2011 IEEE 5th International Workshop on Genetic and Evolutionary Fuzzy Systems (GEFS) | 2011
R. P. Prado; S. García-Galán; J. E. Muñoz Expósito
Many efforts have been made in the last few years to solve the high-level scheduling problem in Grid computing, i.e., the efficient resources utilization and allocation of workload within resources domains. Nowadays, some trends are based on the consideration of Fuzzy Rule-Based Systems, whose performance is critically conditioned to theirs knowledge bases quality. In this sense, Genetic Algorithms have been extensively used to obtain such knowledge bases, mainly founded on Pittsburgh approach. However, new strategies are recently emerging showing improvement over genetic-based learning methods. In this work, comparative results of two non-genetic learning strategies derived from bio-inspired algorithms, Differential Evolution and Particle Swarm Optimization, are presented for the evolution of fuzzy rule-based meta-schedulers in Grid computing.
Archive | 2012
R. P. Prado; Jan Braun; Johannes Krettek; Frank Hoffmann; S. García-Galán; J. E. Muñoz Expósito; Torsten Bertram
Adaptive scheduling strategies are about considering the state of computational grids to obtain efficient and reliable schedules and to prevent the system performance deterioration. In this work, emerging adaptive strategies in grid computing, namely Fuzzy Rule-Based Systems (FRBS) -based strategies and a new adaptive scheduling approach, gaussian scheduling founded on Gaussian Mixture Models (GMMs) are compared. Both types of strategies focus on modeling the state of resources and select the most convenient site of the grid at every scheduling step given the current conditions. FRBSs provide a fuzzy characterization of the grid state and the inference of a suitability index based on their own knowledge given in the form of fuzzy IF-THEN rules. Besides, a GMM can be trained to model a complex probability density distribution indicating the suitability of every site in the grid to be the target of the schedule with the current conditions of its resources. This way the GMM scheduler assigns a probability to every state of the site where a higher probability is associated to a higher suitability of selection. Simulations based on real grid facilities are conducted to test the FRBS and GMM-based models and results are analyzed in terms of accuracy and convergence behaviour of their associated learning processes.

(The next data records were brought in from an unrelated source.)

lemma (in linear_hg) affine_plane_if_neighbourhoods_large:
  assumes e: "e \<in> E" and min: "\<forall>f\<in>E. card e \<le> card f" and sq: "card V \<le> card e * card e"
    and many: "\<forall>f\<in>E. card V \<le> card (edge_neighbours E f)"
  shows "affine_plane V E (card e)"
proof -
  have at_min_edge: "\<forall>v\<in>f. card (star E v) = Suc (card e) \<and> (\<forall>g\<in>star E v. card g = card e)
      \<and> \<Union> (star E v) = V" if "f \<in> E" "card f = card e" for f
    using min_edge_tight(3)[of f] that min sq many by simp
  obtain p where p: "p \<in> e" using edge_nonempty e by blast
  have at_vertex: "card (star E x) = Suc (card e) \<and> (\<forall>g\<in>star E x. card g = card e)
      \<and> \<Union> (star E x) = V" if "x \<in> V" for x
  proof -
    obtain f where f: "f \<in> star E p" "x \<in> f"
      using at_min_edge[OF e refl] p \<open>x \<in> V\<close> by blast
    have "f \<in> E" "card f = card e"
      using f at_min_edge[OF e refl] p by (auto simp: star_def)
    then show ?thesis using at_min_edge f(2) by blast
  qed
  show ?thesis
  proof unfold_locales
    fix h assume h: "h \<in> E"
    then obtain x where x: "x \<in> h" using edge_nonempty by blast
    then have "x \<in> V" using edge_subset h by blast
    then show "card h = card e"
      using at_vertex h x by (simp add: star_def)
  qed (use at_vertex in auto)
qed

lemma linear_hypergraph_subset:
  assumes "linear_hypergraph V E" and "E' \<subseteq> E"
  shows "linear_hypergraph V E'"
  using assms finite_subset[OF assms(2)] subsetD[OF assms(2)]
  unfolding linear_hypergraph_def hypergraph_def by simp
lemma mult_coeff_skew_invariant_monic:
  assumes comm: "\<rho> \<circ> D = D \<circ> \<rho>"
    and f: "f \<in> skew_invariant_monic \<rho> D"
    and "i \<le> degree f"
  shows "\<alpha> * coeff f i =
    (\<Sum>j = i..degree f. (-1) ^ (j - i) * of_nat (j choose i) * coeff f j *
      (\<rho> ^^ (degree f - j)) ((D ^^ (j - i)) \<alpha>))"
proof -
  have "coeff f j * (\<rho> ^^ (degree f - j)) ((D ^^ (j - i)) \<alpha>) =
      (\<Sum>l\<le>degree f. of_nat (l choose j) * ((D ^^ (l - i)) \<alpha> * coeff f l))"
    if "i \<le> j" "j \<le> degree f" for j
    unfolding skew_invariant_monic_coeff_mult_rho_pow[OF comm f \<open>j \<le> degree f\<close>]
  proof (intro sum.cong refl)
    fix l
    show "of_nat (l choose j) * ((D ^^ (l - j)) ((D ^^ (j - i)) \<alpha>) * coeff f l) =
        of_nat (l choose j) * ((D ^^ (l - i)) \<alpha> * coeff f l)"
      using \<open>i \<le> j\<close> funpow_add[of "l - j" "j - i" D]
      by (cases "j \<le> l") (simp_all add: binomial_eq_0)
  qed
  from binomial_inversion[where c = "\<lambda>l. (D ^^ (l - i)) \<alpha> * coeff f l", OF this \<open>i \<le> degree f\<close>]
  show ?thesis
    by (simp add: mult.assoc)
qed

lemma coeff_skew_invariant_monic_in_center:
  assumes comm: "\<rho> \<circ> D = D \<circ> \<rho>"
    and f: "f \<in> skew_invariant_monic \<rho> D"
    and fixed: "\<forall>i < degree f. \<rho> (coeff f i) = coeff f i"
    and "i \<le> degree f"
  shows "coeff f i \<in> center_of (fixed_const \<rho> D)"
proof -
  have "\<rho> (coeff f i) = coeff f i"
    using fixed \<open>i \<le> degree f\<close> skew_invariant_monicD(1)[OF f] rho_1
    by (cases "i = degree f") auto
  moreover have "D (coeff f i) = 0"
    using D_coeff_skew_invariant_monic[OF f fixed] .
  moreover have "a * coeff f i = coeff f i * a" if "\<rho> a = a" "D a = 0" for a
  proof -
    have "(D ^^ Suc k) a = 0" for k
      using \<open>D a = 0\<close> by (simp add: funpow_swap1 funpow_fixpoint D_0)
    then have "(D ^^ k) a = 0" if "0 < k" for k
      using that by (metis gr0_implies_Suc)
    then show ?thesis
      unfolding mult_coeff_skew_invariant_monic[OF comm f \<open>i \<le> degree f\<close>]
      using \<open>i \<le> degree f\<close> \<open>\<rho> a = a\<close>
      by (subst sum_eq_single[of _ i]) (auto simp: funpow_fixpoint rho_pow_0)
  qed
  ultimately show ?thesis
    by (auto simp: center_of_def fixed_const_def)
qed
(* Let $H\in(\tfrac12,1)$, $\sigma>0$, $h=\frac H2+\frac14\in(\frac12,\frac34)$. Then $$\operatorname{Var}(\widehat{\mathcal{Y}}_n^H)=\sum_{i=i_n}^{n-1}(j_n^H(i))^2\xrightarrow[n\to\infty]{}4g_H^2\sum_{k=1}^\infty\rho_h^2(k)<\infty.$$
   Context: $c_H=\sqrt{\frac{2H\,\Gamma(\frac32-H)}{\Gamma(H+\frac12)\Gamma(2-2H)}}$, $C_H=c_H(H-\frac12)$, $g_H=\frac{\sigma c_H}{H+\frac12}$, $\rho_h(k)=\frac12((k+1)^{2h}+(k-1)^{2h}-2k^{2h})$, and for $1\le i<n$, $j_n^H(i)=\sigma C_H\int_{i-1}^i x^{\frac12-H}\Big(\int_0^1(v+n-1)^{H-\frac12}(v+n-1-x)^{H-\frac32}dv\Big)dx$. For $n\ge2$, $x_n=n-1-\Big(\big(1+\frac1{n-1}\big)^{\frac2{3-2H}}-1\Big)^{-1}$ and $i_n=\lfloor x_n\rfloor+1$. With $(\xi_i)$ i.i.d., $P(\xi_i=\pm1)=\frac12$, $\widehat{\mathcal{Y}}_n^H=\sum_{i=i_n}^{n-1}j_n^H(i)\xi_i$. *)

theory Defs
  imports "HOL-Probability.Probability"
begin

definition c_H :: "real \<Rightarrow> real" where
  "c_H H = sqrt (2 * H * Gamma (3/2 - H) / (Gamma (H + 1/2) * Gamma (2 - 2*H)))"

definition C_H :: "real \<Rightarrow> real" where
  "C_H H = c_H H * (H - 1/2)"

definition g_H :: "real \<Rightarrow> real \<Rightarrow> real" where
  "g_H \<sigma> H = \<sigma> * c_H H / (H + 1/2)"

definition rho :: "real \<Rightarrow> nat \<Rightarrow> real" where
  "rho h k = ((real k + 1) powr (2*h) + (real k - 1) powr (2*h) - 2 * real k powr (2*h)) / 2"

text \<open>j_n^H(i), meaningful for 1 \<le> i < n (Lebesgue integrals over closed intervals).\<close>
definition jnH :: "real \<Rightarrow> real \<Rightarrow> nat \<Rightarrow> nat \<Rightarrow> real" where
  "jnH \<sigma> H n i = \<sigma> * C_H H *
     (LINT x:{real i - 1 .. real i}|lborel.
        x powr (1/2 - H) *
        (LINT v:{0..1}|lborel.
           (v + real n - 1) powr (H - 1/2) * (v + real n - 1 - x) powr (H - 3/2)))"

definition x_n :: "real \<Rightarrow> nat \<Rightarrow> real" where
  "x_n H n = real n - 1 - 1 / ((1 + 1 / (real n - 1)) powr (2 / (3 - 2*H)) - 1)"

definition i_n :: "real \<Rightarrow> nat \<Rightarrow> int" where
  "i_n H n = \<lfloor>x_n H n\<rfloor> + 1"

text \<open>Index set {i_n, ..., n-1}, restricted to 1 \<le> i where j_n^H is defined.\<close>
definition idx :: "real \<Rightarrow> nat \<Rightarrow> nat set" where
  "idx H n = {i. 1 \<le> i \<and> i < n \<and> i_n H n \<le> int i}"

definition Yhat :: "real \<Rightarrow> real \<Rightarrow> (nat \<Rightarrow> 'a \<Rightarrow> real) \<Rightarrow> nat \<Rightarrow> 'a \<Rightarrow> real" where
  "Yhat \<sigma> H \<xi> n \<omega> = (\<Sum>i\<in>idx H n. jnH \<sigma> H n i * \<xi> i \<omega>)"

end

theory Submission
  imports Defs "HOL-Real_Asymp.Real_Asymp"
begin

international workshop on fuzzy logic and applications | 2011
R. P. Prado; J. E. Muñoz Expósito; S. García-Galán
Grid computing is an emerging framework which has proved its effectiveness to solve large-scale computational problems in science, engineering and technology. It is founded on the sharing of distributed and heterogeneous resources capabilities of diverse domains to achieve a common goal. Given the high dynamism and uncertainty of these systems, a major issue is the workload allocation or scheduling problem which is known to be NP-hard. In this sense, recent works suggest the consideration of expert schedulers based on Fuzzy Rule-Based Systems (FRBSs) able to cope with the imprecise and changing nature of the grid system. However, the dependence of these systems with the quality of their expert knowledge makes it relevant to incorporate efficient learning strategies offering the highest accuracy. In this work, fuzzy rulebased schedulers are proposed to consider two learning stages where good quality IF-THEN rule bases acquired with a successful and well-known strategy rule learning approach, i.e., Pittsburgh, are subject to a second learning stage where the evolution of rule weights is entailed through Particle Swarm Optimization. Simulations results show that evolution of rule weights through this swarm intelligence -based strategy allows the improvement of the expert system schedules in terms of workload completion and increase the accuracy of the classical genetic learning strategy in FRBSs.